The jokes of a people against themselves are not worth much, but may be taken in aid of other evidence. The two favorite Anglo-Indian stories are that of the native who, being asked his religion, said, “Me Christian—me get drunk like massa;” and that of the young officer who, learning Hindostanee in 1858, had the difference between the negative “né” and the particle “ne” explained to him by the moonshee, when he exclaimed: “Dear me! I hanged lots of natives last year for admitting that they had not been in their villages for months. I suppose they meant to say that they had not left their villages for months.” It is certain that in the suppression of the mutiny hundreds of natives were hanged by Queen‘s officers who, unable to speak a word of any native language, could neither understand evidence nor defense.
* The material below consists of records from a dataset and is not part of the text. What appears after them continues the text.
lemma interior_polar:
  fixes U :: "'a::euclidean_space set"
  assumes "finite U" and "0 \<notin> U"
  shows "interior (polar U) = {x. \<forall>v\<in>U. v \<bullet> x < 1}"
proof
  show "interior (polar U) \<subseteq> {x. \<forall>v\<in>U. v \<bullet> x < 1}"
  proof safe
    fix x v assume x: "x \<in> interior (polar U)" and v: "v \<in> U"
    have "polar U \<subseteq> {x. v \<bullet> x \<le> 1}"
      using v by (auto simp: polar_def)
    then have "x \<in> interior {x. v \<bullet> x \<le> 1}"
      using x interior_mono by blast
    then show "v \<bullet> x < 1"
      using v \<open>0 \<notin> U\<close> by (metis interior_halfspace_le mem_Collect_eq)
  qed
  have "{x. \<forall>v\<in>U. v \<bullet> x < 1} \<subseteq> polar U"
    by (auto simp: polar_def less_imp_le)
  moreover have "open {x. \<forall>v\<in>U. v \<bullet> x < 1}"
    using open_INT[OF \<open>finite U\<close>, of "\<lambda>v. {x. v \<bullet> x < 1}"]
    by (simp add: open_halfspace_lt Collect_ball_eq)
  ultimately show "{x. \<forall>v\<in>U. v \<bullet> x < 1} \<subseteq> interior (polar U)"
    by (rule interior_maximal)
qed

lemma frontier_polar:
  fixes U :: "'a::euclidean_space set"
  assumes "finite U" and "0 \<notin> U"
  shows "frontier (polar U) = {x \<in> polar U. \<exists>v\<in>U. v \<bullet> x = 1}"
  unfolding frontier_def closure_closed[OF closed_polar] interior_polar[OF assms]
  by (auto simp: polar_def order_less_le)

lemma not_bounded_complement_polar:
  fixes U :: "'a::euclidean_space set"
  assumes "2 \<le> DIM('a)" and "v \<in> U" and "v \<noteq> 0"
  shows "\<not> bounded (- polar U)"
proof
  assume "bounded (- polar U)"
  moreover have "{x. v \<bullet> x = 2} \<subseteq> - polar U"
    using \<open>v \<in> U\<close> by (auto simp: polar_def)
  ultimately have "bounded {x. v \<bullet> x = 2}"
    by (rule bounded_subset)
  then show False
    using assms by (simp add: bounded_hyperplane_eq_trivial)
qed
(* Let $V$ be a countable dimensional vector space with a fixed basis $E$. On the set of generalized flags in $V$ that are weakly compatible with $E$, the relation of $E$-commensurability is an equivalence relation. Moreover, in the definition of $E$-commensurability, condition (ii) may equivalently be replaced by (ii$'$): $\dim(F/(F\cap\varphi(F)))=\dim(\varphi(F)/(F\cap\varphi(F)))$ for every $F\in\mathcal{F}$.
   Context: $k$ is a field of characteristic $0$. A chain of subspaces is a set of pairwise distinct subspaces totally ordered by inclusion; $\mathcal{C}'$ (resp. $\mathcal{C}''$) denotes elements with an immediate successor (resp. predecessor), $F^+$ the immediate successor of $F\in\mathcal{C}'$. A generalized flag is a chain $\mathcal{F}$ with $\mathcal{F}=\mathcal{F}'\cup\mathcal{F}''$ and $V\setminus\{0\}=\bigcup_{F\in\mathcal{F}'}(F^+\setminus F)$; for $v\ne0$, $F'_v$ is the unique $F\in\mathcal{F}'$ with $v\in F^+\setminus F$. For a chain $\mathcal{C}$, $[v]_\mathcal{C}:=\{u:\forall C\in\mathcal{C},\ u\in C\iff v\in C\}$ and $fl(\mathcal{C})$ is the unique generalized flag inducing the same partition. A basis $\{e_\alpha\}_{\alpha\in A}$ is compatible with $\mathcal{F}$ if there is a strict partial order $\prec$ on $A$ (incomparability being an equivalence relation) with $F'_{e_\alpha}=\mathrm{span}\{e_\beta:\beta\prec\alpha\}$ and $\mathcal{F}=fl(\{F'_{e_\alpha}\})$. A generalized flag $\mathcal{F}$ is weakly compatible with $E$ if it is compatible with some basis $L$ of $V$ such that $E\setminus(E\cap L)$ is finite. Two generalized flags $\mathcal{F},\mathcal{G}$ are $E$-commensurable if both are weakly compatible with $E$ and there exist an inclusion-preserving bijection $\varphi:\mathcal{F}\to\mathcal{G}$ and a finite dimensional subspace $U\subset V$ such that for every $F\in\mathcal{F}$: (i) $F\subset\varphi(F)+U$ and $\varphi(F)\subset F+U$; (ii) $\dim(F\cap U)=\dim(\varphi(F)\cap U)$. *)

theory Defs
  imports "HOL-Library.Extended_Nat"
begin

text \<open>The vector space V is the whole carrier type 'v, with scalar multiplication
  scale over a field 'k (characteristic 0 is imposed in the theorem via field_char_0).\<close>

context
  fixes scale :: "'k::field \<Rightarrow> 'v::ab_group_add \<Rightarrow> 'v"
begin

abbreviation "Span \<equiv> module.span scale"
abbreviation "Subsp \<equiv> module.subspace scale"
abbreviation "Indep \<equiv> \<lambda>S. \<not> module.dependent scale S"
abbreviation "Dim \<equiv> vector_space.dim scale"

definition is_basis :: "'v set \<Rightarrow> bool" where
  "is_basis L \<longleftrightarrow> Indep L \<and> Span L = UNIV"

definition fin_dim :: "'v set \<Rightarrow> bool" where
  "fin_dim U \<longleftrightarrow> (\<exists>S. finite S \<and> U = Span S)"

text \<open>A chain of subspaces (pairwise distinct automatically, being a set).\<close>
definition is_chain :: "'v set set \<Rightarrow> bool" where
  "is_chain C \<longleftrightarrow> (\<forall>A\<in>C. Subsp A) \<and> (\<forall>A\<in>C. \<forall>B\<in>C. A \<subseteq> B \<or> B \<subseteq> A)"

definition imm_succ :: "'v set set \<Rightarrow> 'v set \<Rightarrow> 'v set \<Rightarrow> bool" where
  "imm_succ C F G \<longleftrightarrow> F \<in> C \<and> G \<in> C \<and> F \<subset> G \<and> \<not> (\<exists>H\<in>C. F \<subset> H \<and> H \<subset> G)"
(* $\{\omega \cdot 2, \omega^\star \cdot 2\} \leq_c \{\omega^2, (\omega^2)^\star\}$.
   Context: Structures have domains contained in $\omega$. For countable structures $\mathcal{A},\mathcal{B}$, the class $\{\mathcal{A},\mathcal{B}\}$ denotes the class of all structures (with domain $\subseteq\omega$) isomorphic to $\mathcal{A}$ or to $\mathcal{B}$. Linear orders are in the language $\{<\}$; $L^\star$ is the reverse of a linear order $L$; $\omega\cdot 2$, $\omega^2$ are ordinal order types. An enumeration operator $\Gamma$ is a c.e. set of pairs $(\alpha,\varphi)$ with $\alpha$ a finite set of basic (atomic or negated atomic) sentences of the input language with constants from $\omega$ and $\varphi$ a basic sentence of the output language with constants from $\omega$; $\Gamma(X)=\{\varphi : (\alpha,\varphi)\in\Gamma,\ \alpha\subseteq X\}$. $\Gamma$ is a computable embedding of $\mathcal{K}_0$ into $\mathcal{K}_1$ ($\mathcal{K}_0\leq_c\mathcal{K}_1$) if for every $\mathcal{A}\in\mathcal{K}_0$, $\Gamma$ applied to the atomic diagram of $\mathcal{A}$ is the atomic diagram of a structure $\Gamma(\mathcal{A})\in\mathcal{K}_1$, and for all $\mathcal{A},\mathcal{B}\in\mathcal{K}_0$, $\mathcal{A}\cong\mathcal{B}$ iff $\Gamma(\mathcal{A})\cong\Gamma(\mathcal{B})$. *)

theory Defs
  imports Main "HOL-Library.Nat_Bijection"
begin

datatype recf = Z | S | Id nat | Cn recf "recf list" | Pr recf recf | Mn recf

inductive eval :: "recf \<Rightarrow> nat list \<Rightarrow> nat \<Rightarrow> bool" where
  eval_Z: "eval Z xs 0"
| eval_S: "eval S (x # xs) (Suc x)"
| eval_Id: "i < length xs \<Longrightarrow> eval (Id i) xs (xs ! i)"
| eval_Cn: "length ys = length gs \<Longrightarrow> (\<forall>i < length gs. eval (gs ! i) xs (ys ! i))
            \<Longrightarrow> eval f ys v \<Longrightarrow> eval (Cn f gs) xs v"
| eval_Pr0: "eval f xs v \<Longrightarrow> eval (Pr f g) (0 # xs) v"
| eval_PrS: "eval (Pr f g) (n # xs) u \<Longrightarrow> eval g (n # u # xs) v
            \<Longrightarrow> eval (Pr f g) (Suc n # xs) v"
| eval_Mn: "eval f (n # xs) 0 \<Longrightarrow> (\<forall>m < n. \<exists>u. eval f (m # xs) u \<and> 0 < u)
            \<Longrightarrow> eval (Mn f) xs n"

definition ce :: "nat set \<Rightarrow> bool" where
  "ce W \<longleftrightarrow> (\<exists>f. W = {n. \<exists>v. eval f [n] v})"

datatype atom = Lt nat nat | Eq nat nat
datatype basic = Pos atom | Neg atom

fun atom_code :: "atom \<Rightarrow> nat" where
  "atom_code (Lt a b) = prod_encode (0, prod_encode (a, b))"
| "atom_code (Eq a b) = prod_encode (1, prod_encode (a, b))"

fun basic_code :: "basic \<Rightarrow> nat" where
  "basic_code (Pos s) = 2 * atom_code s"
| "basic_code (Neg s) = 2 * atom_code s + 1"

definition pair_code :: "basic set \<Rightarrow> basic \<Rightarrow> nat" where
  "pair_code \<alpha> \<phi> = prod_encode (set_encode (basic_code ` \<alpha>), basic_code \<phi>)"

type_synonym struc = "nat set \<times> (nat \<times> nat) set"

definition is_structure :: "struc \<Rightarrow> bool" where
  "is_structure A \<longleftrightarrow> snd A \<subseteq> fst A \<times> fst A"

definition iso :: "struc \<Rightarrow> struc \<Rightarrow> bool" where
  "iso A B \<longleftrightarrow> (\<exists>f. bij_betw f (fst A) (fst B) \<and>
     (\<forall>x\<in>fst A. \<forall>y\<in>fst A. (x, y) \<in> snd A \<longleftrightarrow> (f x, f y) \<in> snd B))"

fun holds :: "struc \<Rightarrow> basic \<Rightarrow> bool" where
  "holds A (Pos (Lt a b)) \<longleftrightarrow> a \<in> fst A \<and> b \<in> fst A \<and> (a, b) \<in> snd A"
| "holds A (Neg (Lt a b)) \<longleftrightarrow> a \<in> fst A \<and> b \<in> fst A \<and> (a, b) \<notin> snd A"
| "holds A (Pos (Eq a b)) \<longleftrightarrow> a \<in> fst A \<and> b \<in> fst A \<and> a = b"
| "holds A (Neg (Eq a b)) \<longleftrightarrow> a \<in> fst A \<and> b \<in> fst A \<and> a \<noteq> b"

definition diag :: "struc \<Rightarrow> basic set" where
  "diag A = {\<phi>. holds A \<phi>}"

definition enum_apply :: "nat set \<Rightarrow> basic set \<Rightarrow> basic set" where
  "enum_apply W X = {\<phi>. \<exists>\<alpha>. finite \<alpha> \<and> \<alpha> \<subseteq> X \<and> pair_code \<alpha> \<phi> \<in> W}"

definition computable_embedding :: "nat set \<Rightarrow> struc set \<Rightarrow> struc set \<Rightarrow> bool" where
  "computable_embedding W K0 K1 \<longleftrightarrow> ce W \<and>
     (\<forall>A\<in>K0. \<exists>B\<in>K1. enum_apply W (diag A) = diag B) \<and>
     (\<forall>A\<in>K0. \<forall>A'\<in>K0. \<forall>B B'. is_structure B \<longrightarrow> is_structure B' \<longrightarrow>
        enum_apply W (diag A) = diag B \<longrightarrow> enum_apply W (diag A') = diag B' \<longrightarrow>
        (iso A A' \<longleftrightarrow> iso B B'))"

definition c_leq :: "struc set \<Rightarrow> struc set \<Rightarrow> bool" (infix "\<le>\<^sub>c" 50) where
  "K0 \<le>\<^sub>c K1 \<longleftrightarrow> (\<exists>W. computable_embedding W K0 K1)"

definition class2 :: "struc \<Rightarrow> struc \<Rightarrow> struc set" where
  "class2 A B = {C. is_structure C \<and> (iso C A \<or> iso C B)}"

text \<open>omega*2: n corresponds to the element (n mod 2, n div 2) ordered lexicographically.\<close>
definition omega_times_2 :: struc where
  "omega_times_2 = (UNIV, {(a, b). a mod 2 < b mod 2 \<or> (a mod 2 = b mod 2 \<and> a div 2 < b div 2)})"

text \<open>omega^star * 2 = omega^star + omega^star: two copies of the reverse of omega.\<close>
definition omega_star_times_2 :: struc where
  "omega_star_times_2 = (UNIV, {(a, b). a mod 2 < b mod 2 \<or> (a mod 2 = b mod 2 \<and> b div 2 < a div 2)})"

text \<open>omega^2: n corresponds to prod_decode n, ordered lexicographically.\<close>
definition omega_squared :: struc where
  "omega_squared = (UNIV, {(a, b). fst (prod_decode a) < fst (prod_decode b) \<or>
      (fst (prod_decode a) = fst (prod_decode b) \<and> snd (prod_decode a) < snd (prod_decode b))})"

definition rev_order :: "struc \<Rightarrow> struc" where
  "rev_order L = (fst L, (snd L)\<inverse>)"

end

(* The embedding sends a linear order A to the pairs (y, x) with y < x in A, ordered first by x and
   then by y, keeping only those pairs for which some successor z of x in A satisfies y < z as
   natural numbers.
   For A of type omega*2 the side condition is vacuous: each x of the first copy contributes
   finitely many pairs, each x of the second copy a block of type omega (plus finitely many pairs),
   so the result has type omega + omega*omega = omega^2.
   For A of type omega^star*2 each x of the first copy contributes a block of type omega^star, and
   these blocks are arranged along omega^star; an x of the second copy has only finitely many
   successors, so the side condition leaves it finitely many pairs.  The result has type
   (omega^2)^star followed by finite blocks arranged along omega^star, which is again (omega^2)^star.
   Membership of a pair, the side condition and the order between two pairs are each witnessed by
   finitely many atomic facts about A, which makes the map a computable enumeration operator; the
   two target types are told apart by the existence of a least element. *)

theory Submission
  imports Defs "HOL-Library.Infinite_Set"
begin

section \<open>Total computable functions\<close>

inductive_cases eval_Z_cases: "eval Z xs v"
inductive_cases eval_S_cases: "eval S xs v"
inductive_cases eval_Id_cases: "eval (Id i) xs v"
inductive_cases eval_Cn_cases: "eval (Cn f gs) xs v"
inductive_cases eval_Pr_cases: "eval (Pr f g) xs v"
inductive_cases eval_Mn_cases: "eval (Mn f) xs v"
It is in India, when listening to a mess-table conversation on the subject of looting, that we begin to remember our descent from Scandinavian sea-king robbers. Centuries of education have not purified the blood: our men in India can hardly set eyes upon a native prince or a Hindoo palace before they cry, “What a place to break up!” “What a fellow to loot!” When I said to an officer who had been stationed at Secrole in the early days of the mutiny, “I suppose you were afraid that the Benares people would have attacked you,” his answer was, “Well, for my part, I rather hoped they would, because then we should have thrashed them, and looted the city. It hadn‘t been looted for two hundred years.”

Those who doubt that Indian military service makes soldiers careless of men‘s lives, reckless as to the rights of property, and disregardful of human dignity, can hardly remember the letters which reached home in 1857, in which an officer in high command during the march upon Cawnpore reported, “Good bag to-day; polished off —— rebels,” it being borne in mind that the “rebels” thus hanged or blown from guns were not taken in arms, but villagers apprehended “on suspicion.” During this march, atrocities were committed in the burning of villages, and massacre of innocent inhabitants, at which Mohammed Togluk himself would have stood ashamed, and it would be to contradict all history to assert that a succession of such deeds would not prove fatal to our liberties at home.